A union representing cleaning and maintenance workers has ended a strike at the Congress Plaza Hotel in Chicago after 10 years.
The strike is believed to be the longest-lasting hotel strike in the world, according to the Chicago Tribune.
Some 130 workers belonging to the Unite Here Local 1 union walked off the job on June 3, 2003, to protest the hotel’s planned pay cuts and health care contribution freezes.
Over the decade, the strikers have picketed in front of the hotel often, joined by US President Barack Obama in 2003 and 2007, as well as Gov. Pat Quinn and Cook County Board President Toni Preckwinkle, CBS News reported.
“The decision to end the Congress strike was a hard one, but it is the right time for the Union and the strikers to move on,” Unite Here Local 1 President Henry Tamarin said in a written statement, according to CBS News. “The boycott has effectively dramatically reduced the hotel’s business. The hotel treats their workers and customers equally poor and the community knows it. There is no more to do there.”
He continued: “The reclusive owner lives in Geneva and Tel Aviv and hasn’t been to Chicago since the strike started. We don’t see getting a contract here, and we have many more battles to fight for economic justice.”

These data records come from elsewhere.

lemma overlap_ratio_weighted_lsq_risk_le:
  assumes [measurable]: "est \<in> borel_measurable borel" and T: "T > 0"
  shows "(\<integral>\<^sup>+ w. ennreal (overlap_ratio T w * lsq_risk w) \<partial>P) \<le> worst_case_risk est"
proof -
  let ?c = "ennreal ((2 * T) ^ CARD('k))"
  have c_nonneg: "0 \<le> (2 * T) ^ CARD('k)" using T by simp
  have scale: "(2 * max 0 (T - shift_bound w)) ^ CARD('k) * lsq_risk w =
      (2 * T) ^ CARD('k) * (overlap_ratio T w * lsq_risk w)" for w
  proof -
    have "2 * max 0 (T - shift_bound w) = 2 * T * (max 0 (T - shift_bound w) / T)" using T by simp
    then show ?thesis by (simp only: overlap_ratio_def power_mult_distrib mult.assoc)
  qed
  have "?c * (\<integral>\<^sup>+ w. ennreal (overlap_ratio T w * lsq_risk w) \<partial>P) =
      (\<integral>\<^sup>+ w. ?c * ennreal (overlap_ratio T w * lsq_risk w) \<partial>P)"
    by (rule nn_integral_cmult[OF measurable_overlap_ratio_lsq_risk, symmetric])
  also have "\<dots> = (\<integral>\<^sup>+ w. ennreal ((2 * max 0 (T - shift_bound w)) ^ CARD('k) * lsq_risk w) \<partial>P)"
    by (intro nn_integral_cong) (simp only: scale ennreal_mult'[OF c_nonneg])
  also have "\<dots> \<le> ?c * worst_case_risk est"
    using overlap_weighted_lsq_risk_le[OF assms] by (simp add: mult.commute)
  finally show ?thesis
    using T ennreal_mult_le_mult_iff[of ?c] by simp
qed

Congress Plaza Hotel attorney Peter Andjelkovich told the Chicago Tribune that the union and the hotel haven't met for negotiations in a year, so he was surprised to hear that the union had called off the strike.

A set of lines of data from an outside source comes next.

lemma BlockTri_Jmat:
  assumes "intra_class p E vcol ecol k" and "\<pi> = \<rho> \<circ> vcol"
  shows "BlockTri \<pi> (Jmat p E vcol ecol k) = Jmat p E vcol ecol k"
  by (rule eq_matI) (auto simp: BlockTri_def index_Jmat assms(2) dest: intra_classD[OF assms(1)])

lemma BlockDiag_Jmat_eq_0:
  assumes "coloured_graph p r R E vcol ecol" and "k \<noteq> 0" and "k \<notin> Fall p r E vcol ecol"
  shows "BlockDiag vcol (Jmat p E vcol ecol k) = 0\<^sub>m p p"
  by (rule eq_matI) (use col_in_Fall[OF assms(1)] assms(2,3) in \<open>auto simp: BlockDiag_def index_Jmat\<close>)

lemma Jmat_mult_commute:
  assumes k: "intra_class p E vcol ecol k" and h: "intra_class p E vcol ecol h"
    and \<pi>: "\<pi> = \<rho> \<circ> vcol"
    and sym: "\<And>v w. v < p \<Longrightarrow> w < p \<Longrightarrow> vcol v = vcol w \<Longrightarrow>
      mto p E vcol ecol \<pi> v w k h = mto p E vcol ecol \<pi> w v k h"
  shows "Jmat p E vcol ecol k * Jmat p E vcol ecol h = Jmat p E vcol ecol h * Jmat p E vcol ecol k"
proof (rule eq_matI)
  let ?J = "Jmat p E vcol ecol"
  fix v w assume "v < dim_row (?J h * ?J k)" "w < dim_col (?J h * ?J k)"
  then have v: "v < p" and w: "w < p"
    by simp_all
  have "mto p E vcol ecol \<pi> v w k h = mto p E vcol ecol \<pi> w v k h"
    using sym[OF v w] mto_eq_0_if_vcol_neq[OF k h] v w by metis
  then have "(?J k * ?J h) $$ (v, w) = (?J k * ?J h) $$ (w, v)"
    unfolding index_mult_Jmat_mto[OF k h \<pi> v w] index_mult_Jmat_mto[OF k h \<pi> w v] by simp
  also have "\<dots> = transpose_mat (?J k * ?J h) $$ (v, w)"
    using v w by simp
  also have "transpose_mat (?J k * ?J h) = ?J h * ?J k"
    using transpose_mult[of "?J k" p p "?J h" p] by (simp add: carrier_matI transpose_Jmat)
  finally show "(?J k * ?J h) $$ (v, w) = (?J h * ?J k) $$ (v, w)" .
qed simp_all

theorem proposition7p5:
  fixes p r R :: nat and E :: "nat set set" and vcol :: "nat \<Rightarrow> nat"
    and ecol :: "nat set \<Rightarrow> nat" and \<eta> :: "nat \<Rightarrow> nat"
  defines "\<pi> \<equiv> pos r \<eta> vcol"
  defines "J \<equiv> Jmat p E vcol ecol"
  defines "F \<equiv> Fall p r E vcol ecol"
  defines "m \<equiv> mto p E vcol ecol \<pi>"
  assumes "coloured_graph p r R E vcol ecol"
    and "ordering r \<eta>"
    and "CER p E vcol ecol \<pi>"
  shows "(\<forall>k\<in>F. BlockDiag vcol (J k) = J k \<and> J k = BlockTri \<pi> (J k)) \<and>
         (\<forall>k\<in>{1..r+R} - F. BlockDiag vcol (J k) = 0\<^sub>m p p) \<and>
         (\<forall>k\<in>F. \<forall>h\<in>F. \<forall>v<p. \<forall>w<p. {v, w} \<in> Etilde p E \<longrightarrow>
            (J k * J h) $$ (v, w) = int (m v w k h)) \<and>
         (M2 p r E vcol ecol \<pi> \<longrightarrow>
           (\<forall>i\<in>{1..r}. \<forall>k\<in>Fcol p E vcol ecol i. \<forall>h\<in>Fcol p E vcol ecol i.
              J k * J h = J h * J k))"
proof -
  note cg = \<open>coloured_graph p r R E vcol ecol\<close>
  have m1: "M1 p E vcol ecol \<pi>"
    using \<open>CER p E vcol ecol \<pi>\<close> unfolding CER_def by blast
  have \<pi>: "\<pi> = the_inv_into {1..r} \<eta> \<circ> vcol"
    by (simp add: \<pi>_def pos_def fun_eq_iff)
  have intra: "intra_class p E vcol ecol k" if "k \<in> F" for k
    using Fall_intra_class[OF cg m1 \<pi>] that unfolding F_def .
  have "BlockDiag vcol (J k) = J k \<and> J k = BlockTri \<pi> (J k)" if "k \<in> F" for k
    unfolding J_def using BlockDiag_Jmat BlockTri_Jmat[OF _ \<pi>] intra[OF that] by metis
  moreover have "BlockDiag vcol (J k) = 0\<^sub>m p p" if "k \<in> {1..r+R} - F" for k
    unfolding J_def using BlockDiag_Jmat_eq_0[OF cg] that unfolding F_def by simp
  moreover have "(J k * J h) $$ (v, w) = int (m v w k h)"
    if "k \<in> F" "h \<in> F" "v < p" "w < p" for k h v w
    unfolding J_def m_def using index_mult_Jmat_mto[OF intra intra \<pi>] that .
  moreover have "J k * J h = J h * J k"
    if "M2 p r E vcol ecol \<pi>" "i \<in> {1..r}" "k \<in> Fcol p E vcol ecol i" "h \<in> Fcol p E vcol ecol i"
    for i k h
  proof -
    have "k \<in> F" "h \<in> F"
      using that(2-4) unfolding F_def Fall_def by blast+
    moreover have "mto p E vcol ecol \<pi> v w k h = mto p E vcol ecol \<pi> w v k h"
      if "v < p" "w < p" "vcol v = vcol w" for v w
      using \<open>M2 p r E vcol ecol \<pi>\<close> \<open>k \<in> F\<close> \<open>h \<in> F\<close> that unfolding M2_def F_def by blast
    ultimately show ?thesis
      unfolding J_def by (intro Jmat_mult_commute[OF intra intra \<pi>])
  qed
  ultimately show ?thesis
    by blast
qed

end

“They did not get any concessions, and the way the law operates, if the workers come back to work, they will be paid under the expired contract that expired in 2002,” Andjelkovich told CBS News.
That means the union’s workers will earn $8.83 per hour, even though the standard wage for hotel room attendants in Chicago has risen to $16.40 an hour, Unite Here Local 1 said.
It’s unclear whether any of the union’s workers will return to the hotel.